沈羞语在心里依旧把姜莞当作莞莞看的,可为官多年,她亦知晓礼不可废,如今再也不像初出茅庐时那样会将脑袋凑到姜莞身边看她写圣旨。
她已经懂了君臣有别。
姜莞漫不经心:“闹便闹吧,我这个人向来温和,损了别人的利益还不成还要堵嘴不让别人哭么?不过他们怎么好意思哭呢?我又不曾强迫人和离,是他们待人不好,让人想与他们和离。早知如此为什么不好好待人,失去了才知道哭。倒也不是后悔自己做错了事,只是后悔日后没人帮忙操持家务罢了。”
沈羞语听她妙语连珠忍俊不禁:“是,如今虽然吵得凶,但许多女子都站出来与男人和离,这势头已经不可阻挡。也正因为此,他们才吵得凶。”
说到这里,沈羞语眼中又流露出些遗憾:“可惜还有许多女子因着卖身契的缘故无法和离。”
姜莞面露思索之色,揭开杯盖抿一口茶:“买卖人口需令行禁止,卖身契也该废除。具体实行不能太过冒进……”
沈羞语一愣,旋即将头摇成了拨浪鼓:“陛下,此举本就十分冒进。您若是做了,会叫天下人反对的。”
姜莞侧目看她。
沈羞语生怕她要立刻下一道废除卖身契的政令,苦口婆心地与姜莞分说起来:“若是禁止买卖人口,高门大户中伺候的下人要从哪来?还有百姓……”她说到这里又止住语声。
她本想说百姓多靠卖身维系生存,但转念一想早已是今时不同往日。如今他们哪里还需要卖身度日,祁国十分发达,许多地方做工的人手还不够呢。
“可若是没了卖身契,如今伺候人的下人该怎么办?不说别处,皇宫中的许多宫人又该怎么办。

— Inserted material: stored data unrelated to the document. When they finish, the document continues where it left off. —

(* Let $k\ge3$, $n\ge0$, $G\in\mathcal G_k(n)$, and let $v$ be a $G$-good vertex. Then $d_G(v)\le\delta_k(n)$.
   Context: $d_G(v)$ is the degree of vertex $v$ in the hypergraph $G$. For $k\ge3$, $n\ge0$, the family $\mathcal G_k(n)$ of $n$-vertex $k$-uniform hypergraphs is defined inductively: for $n<k$ it consists of the single edgeless $n$-vertex $k$-graph; for $n\ge k$, $G\in\mathcal G_k(n)$ if its vertex set $V$ has a partition $V=V_1\cup\dots\cup V_k$ (the defining partition) with $0\le|V_i|<n$ for all $i$, such that $G[V_i]\in\mathcal G_k(|V_i|)$ for each $i$, and the edges of $G$ are the edges of the $G[V_i]$ together with all $k$-sets having exactly one vertex in each $V_i$. $H_k(n)\in\mathcal G_k(n)$ is defined by: for $n<k$ it is the edgeless graph; for $n\ge k$ its defining partition is equitable ($||V_i|-|V_j||\le1$) and $H_k(n)[V_i]\cong H_k(|V_i|)$ for each $i$. A vertex $v$ of $G\in\mathcal G_k(n)$ is $G$-good if either $n<k$, or $n\ge k$ and, with defining partition $V_1\cup\dots\cup V_k$, $v$ lies in a part $V_i$ of maximum size and $v$ is $G[V_i]$-good. $\delta_k(n)$ denotes $d_{H_k(n)}(v)$ for an $H_k(n)$-good vertex $v$ (all $H_k(n)$-good vertices have the same degree). *)

theory Defs
  imports Main
begin

definition deg :: "'a set set \<Rightarrow> 'a \<Rightarrow> nat" where
  "deg E v = card {e \<in> E. v \<in> e}"

definition induced :: "'a set set \<Rightarrow> 'a set \<Rightarrow> 'a set set" where
  "induced E S = {e \<in> E. e \<subseteq> S}"

definition is_part :: "nat \<Rightarrow> 'a set \<Rightarrow> (nat \<Rightarrow> 'a set) \<Rightarrow> bool" where
  "is_part k V P \<longleftrightarrow> (\<Union>i<k. P i) = V \<and>
     (\<forall>i<k. \<forall>j<k. i \<noteq> j \<longrightarrow> P i \<inter> P j = {}) \<and> (\<forall>i<k. card (P i) < card V)"

definition transversal :: "nat \<Rightarrow> 'a set \<Rightarrow> (nat \<Rightarrow> 'a set) \<Rightarrow> 'a set set" where
  "transversal k V P = {e. e \<subseteq> V \<and> card e = k \<and> (\<forall>i<k. card (e \<inter> P i) = 1)}"

inductive inG :: "nat \<Rightarrow> 'a set \<Rightarrow> 'a set set \<Rightarrow> bool" for k where
  base: "finite V \<Longrightarrow> card V < k \<Longrightarrow> inG k V {}"
| step: "finite V \<Longrightarrow> k \<le> card V \<Longrightarrow> is_part k V P \<Longrightarrow>
         (\<forall>i<k. inG k (P i) (induced E (P i))) \<Longrightarrow>
         E = (\<Union>i<k. induced E (P i)) \<union> transversal k V P \<Longrightarrow> inG k V E"
lemma (in lindelof_sequence) remove_point:
  "lindelof_sequence {k\<in>K. a k \<noteq> z} a C (L - of_nat (card {k\<in>K. a k = z}) / z)"
proof
  show "\<And>k. k \<in> {k\<in>K. a k \<noteq> z} \<Longrightarrow> a k \<noteq> 0" using nonzero by auto
  show "\<And>R. finite {k\<in>{k\<in>K. a k \<noteq> z}. cmod (a k) \<le> R}"
    by (rule finite_subset[OF _ finite_le]) auto
  show "C \<ge> 0" by (rule C_nonneg)
  show "cnt {k\<in>K. a k \<noteq> z} a 0 t \<le> C * t" if "t \<ge> 0" for t
    using cnt_subset_le[OF finite_le, of "{k\<in>K. a k \<noteq> z}" 0 t] cnt_le[OF that] by auto
  have "eventually (\<lambda>R. (\<Sum>k\<in>{k\<in>K. cmod (a k) < R}. 1 / a k) - of_nat (card {k\<in>K. a k = z}) / z
      = (\<Sum>k\<in>{k\<in>{k\<in>K. a k \<noteq> z}. cmod (a k) < R}. 1 / a k)) at_top"
  proof (rule eventually_at_top_linorderI[of "cmod z + 1"])
    fix R assume R: "R \<ge> cmod z + 1"
    have split: "{k\<in>K. cmod (a k) < R} = {k\<in>{k\<in>K. a k \<noteq> z}. cmod (a k) < R} \<union> {k\<in>K. a k = z}"
      using R by auto
    have "(\<Sum>k\<in>{k\<in>K. cmod (a k) < R}. 1 / a k)
        = (\<Sum>k\<in>{k\<in>{k\<in>K. a k \<noteq> z}. cmod (a k) < R}. 1 / a k) + (\<Sum>k\<in>{k\<in>K. a k = z}. 1 / a k)"
      unfolding split by (rule sum.union_disjoint) (use R in \<open>auto intro: finite_subset[OF _ finite_lt[of R]]\<close>)
    then show "(\<Sum>k\<in>{k\<in>K. cmod (a k) < R}. 1 / a k) - of_nat (card {k\<in>K. a k = z}) / z
        = (\<Sum>k\<in>{k\<in>{k\<in>K. a k \<noteq> z}. cmod (a k) < R}. 1 / a k)"
      by (simp add: divide_inverse)
  qed
  then show "((\<lambda>R. \<Sum>k\<in>{k\<in>{k\<in>K. a k \<noteq> z}. cmod (a k) < R}. 1 / a k)
      \<longlongrightarrow> L - of_nat (card {k\<in>K. a k = z}) / z) at_top"
    by (rule Lim_transform_eventually[OF tendsto_diff[OF sum_inverse_tendsto tendsto_const]])
qed

locale lindelof_zero = lindelof_sequence +
  fixes z :: complex
  assumes thin: "thin_shells K a" and zero: "z \<in> a ` K"
begin

abbreviation zero_mult :: nat where
  "zero_mult \<equiv> card {k\<in>K. a k = z}"

sublocale removed: lindelof_sequence "{k\<in>K. a k \<noteq> z}" a C "L - of_nat zero_mult / z"
  by (rule remove_point)

lemma removed_thin: "thin_shells {k\<in>K. a k \<noteq> z} a"
  by (rule thin_shells_subset[OF finite_le thin]) auto

lemma point_notin_removed: "z \<notin> a ` {k\<in>K. a k \<noteq> z}"
  by auto

lemma point_nonzero: "z \<noteq> 0"
  using zero nonzero by auto

lemma finite_point_indices: "finite {k\<in>K. a k = z}"
  by (rule finite_subset[OF _ finite_le[of "cmod z"]]) auto

lemma zero_mult_pos: "zero_mult > 0"
  using zero finite_point_indices by (auto simp: card_gt_0_iff)

lemma cnt_0_split: "cnt K a 0 t = cnt {k\<in>K. a k \<noteq> z} a 0 t + (if cmod z \<le> t then real zero_mult else 0)"
  using cnt_remove_point[OF finite_le, of 0 t z] by simp

lemma cnt_point_split: "t \<ge> 0 \<Longrightarrow> cnt K a z t = cnt {k\<in>K. a k \<noteq> z} a z t + real zero_mult"
  using cnt_remove_point[OF finite_le, of z t z] by simp

lemma canonical_product_factor:
  "canonical_product w = (w - z) ^ zero_mult * ((- 1 / z) ^ zero_mult * removed.canonical_product w)"
proof -
  have "eventually (\<lambda>R. partial_prod {k\<in>K. a k \<noteq> z} a R w * (1 - w / z) ^ zero_mult = partial_prod K a R w) at_top"
  proof (rule eventually_at_top_linorderI[of "cmod z + 1"])
    fix R assume R: "R \<ge> cmod z + 1"
    have split: "{k\<in>K. cmod (a k) < R} = {k\<in>{k\<in>K. a k \<noteq> z}. cmod (a k) < R} \<union> {k\<in>K. a k = z}"
      using R by auto
    have "partial_prod K a R w = partial_prod {k\<in>K. a k \<noteq> z} a R w * (\<Prod>k\<in>{k\<in>K. a k = z}. 1 - w / a k)"
      unfolding partial_prod_def split
      by (rule prod.union_disjoint) (use removed.finite_lt finite_point_indices in auto)
    then show "partial_prod {k\<in>K. a k \<noteq> z} a R w * (1 - w / z) ^ zero_mult = partial_prod K a R w"
      by simp
  qed
  then have "((\<lambda>R. partial_prod K a R w) \<longlongrightarrow> removed.canonical_product w * (1 - w / z) ^ zero_mult) at_top"
    by (rule Lim_transform_eventually[OF tendsto_mult[OF removed.partial_prod_tendsto tendsto_const]])
  then have "canonical_product w = removed.canonical_product w * (1 - w / z) ^ zero_mult"
    by (rule canonical_product_eqI)
  moreover have "1 - w / z = (w - z) * (- 1 / z)" using point_nonzero by (simp add: field_simps)
  ultimately show ?thesis by (simp only: power_mult_distrib mult_ac)
qed

lemma ln_norm_higher_deriv_canonical_product:
  "ln (cmod ((deriv ^^ zero_mult) canonical_product z / fact zero_mult))
     = ln (cmod (removed.canonical_product z)) - real zero_mult * ln (cmod z)"
proof -
  have "(deriv ^^ zero_mult) canonical_product z = fact zero_mult * ((- 1 / z) ^ zero_mult * removed.canonical_product z)"
    unfolding canonical_product_factor[abs_def]
    by (rule higher_deriv_power_mult_at) (intro holomorphic_intros removed.holomorphic_canonical_product)
  then have "cmod ((deriv ^^ zero_mult) canonical_product z / fact zero_mult)
      = cmod (removed.canonical_product z) / cmod z ^ zero_mult"
    by (simp add: norm_mult norm_power norm_divide power_one_over)
  then show ?thesis
    using removed.canonical_product_nonzero[OF point_notin_removed] point_nonzero
    by (simp add: ln_divide_pos ln_realpow)
qed

text \<open>
  Off \<open>[|z|, \<infinity>)\<close> the two counting functions differ from those of \<open>removed\<close> by the
  \<open>zero_mult\<close> copies of \<open>z\<close>, which are counted around \<open>z\<close> but not yet around \<open>0\<close>.
\<close>

lemma has_integral_cnt_diff_div_atLeast:
  assumes "0 < \<epsilon>"
  shows "((\<lambda>t. (cnt K a 0 t - cnt K a z t) / t) has_integral
      ln (cmod (removed.canonical_product z))
      - integral {0..\<epsilon>} (\<lambda>t. (cnt {k\<in>K. a k \<noteq> z} a 0 t - cnt {k\<in>K. a k \<noteq> z} a z t) / t)
      - real zero_mult * (ln (max \<epsilon> (cmod z)) - ln \<epsilon>)) {\<epsilon>..}"
proof -
  have "((\<lambda>t. (cnt {k\<in>K. a k \<noteq> z} a 0 t - cnt {k\<in>K. a k \<noteq> z} a z t) / t
            - (if t < cmod z then real zero_mult / t else 0)) has_integral
      ln (cmod (removed.canonical_product z))
      - integral {0..\<epsilon>} (\<lambda>t. (cnt {k\<in>K. a k \<noteq> z} a 0 t - cnt {k\<in>K. a k \<noteq> z} a z t) / t)
      - real zero_mult * (ln (max \<epsilon> (cmod z)) - ln \<epsilon>)) {\<epsilon>..}"
    using assms
    by (intro has_integral_diff removed.has_integral_cnt_diff_div_atLeast[OF removed_thin point_notin_removed]
        has_integral_inverse_below) auto
  then show ?thesis
  proof (rule has_integral_eq[rotated])
    fix t assume "t \<in> {\<epsilon>..}"
    then have "t \<ge> 0" using assms by simp
    then show "(cnt {k\<in>K. a k \<noteq> z} a 0 t - cnt {k\<in>K. a k \<noteq> z} a z t) / t
        - (if t < cmod z then real zero_mult / t else 0) = (cnt K a 0 t - cnt K a z t) / t"
      by (auto simp: cnt_0_split cnt_point_split diff_divide_distrib add_divide_distrib)
  qed
qed

lemma integral_cnt_diff_div_atLeast_tendsto:
  "filterlim (\<lambda>\<epsilon>. integral {\<epsilon>..} (\<lambda>t. (cnt K a 0 t - cnt K a z t) / t)) at_bot (at_right 0)"
proof -
  define h where "h t = (cnt {k\<in>K. a k \<noteq> z} a 0 t - cnt {k\<in>K. a k \<noteq> z} a z t) / t" for t
  obtain \<delta>0 where \<delta>0: "\<delta>0 > 0" "\<And>t. t < \<delta>0 \<Longrightarrow> cnt {k\<in>K. a k \<noteq> z} a 0 t = 0"
    using cnt_eq_0_near_0[OF removed.finite_le removed.nonzero] by blast
  obtain \<delta>z where \<delta>z: "\<delta>z > 0" "\<And>t. t < \<delta>z \<Longrightarrow> cnt {k\<in>K. a k \<noteq> z} a z t = 0"
    using cnt_eq_0_near_0[OF removed.finite_le, of z] by blast
  define \<delta> where "\<delta> = min (min \<delta>0 \<delta>z) (cmod z)"
  have "\<delta> > 0" using \<delta>0 \<delta>z point_nonzero by (simp add: \<delta>_def)
  have "integral {\<epsilon>..} (\<lambda>t. (cnt K a 0 t - cnt K a z t) / t)
      = (ln (cmod (removed.canonical_product z)) - real zero_mult * ln (cmod z)) + real zero_mult * ln \<epsilon>"
    if "\<epsilon> \<in> {0<..<\<delta>}" for \<epsilon>
  proof -
    have "(h has_integral 0) {0..\<epsilon>}"
      by (rule has_integral_eq[rotated, OF has_integral_0])
         (use that \<delta>0 \<delta>z in \<open>auto simp: h_def \<delta>_def\<close>)
    then have "integral {0..\<epsilon>} h = 0" by (rule integral_unique)
    moreover have "max \<epsilon> (cmod z) = cmod z" using that by (simp add: \<delta>_def)
    ultimately show ?thesis
      using integral_unique[OF has_integral_cnt_diff_div_atLeast[of \<epsilon>]] that
      by (simp add: h_def[abs_def] algebra_simps)
  qed
  then have "eventually (\<lambda>\<epsilon>. (ln (cmod (removed.canonical_product z)) - real zero_mult * ln (cmod z))
      + real zero_mult * ln \<epsilon> = integral {\<epsilon>..} (\<lambda>t. (cnt K a 0 t - cnt K a z t) / t)) (at_right 0)"
    using \<open>\<delta> > 0\<close> by (auto intro!: eventually_at_rightI[of 0 \<delta>])
  moreover have "filterlim (\<lambda>\<epsilon>. (ln (cmod (removed.canonical_product z)) - real zero_mult * ln (cmod z))
      + real zero_mult * ln \<epsilon>) at_bot (at_right 0)"
    using zero_mult_pos
    by (intro filterlim_tendsto_add_at_bot_iff[THEN iffD2, OF tendsto_const]
        filterlim_tendsto_pos_mult_at_bot[OF tendsto_const _ ln_at_0]) simp
  ultimately show ?thesis
    by (rule filterlim_cong[THEN iffD1, rotated 2]) simp_all
qed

还有高门大户中的下人,他们只会服侍人,若将他们赶走了,他们做什么好。当今世上做奴仆的人还有不少,真没了卖身契,不说那些久被伺候的人如何习惯,便是咱们国里突然多出这么一大票人来,也是会乱糟糟的。”沈羞语考虑周,有理有据。
姜莞笑笑:“如今的确还不是时候,不过即便废止卖身契,祁国也不会因此大乱。只不过是废除卖身罢了,想做下人的依旧可以给人做下人。”
沈羞语听得不大明白。
“只不过变一份关系罢了。”姜莞看她没听懂便换了话说,“从主仆关系,变做一种……”一种新的她还没想好用什么词语来形容的关系。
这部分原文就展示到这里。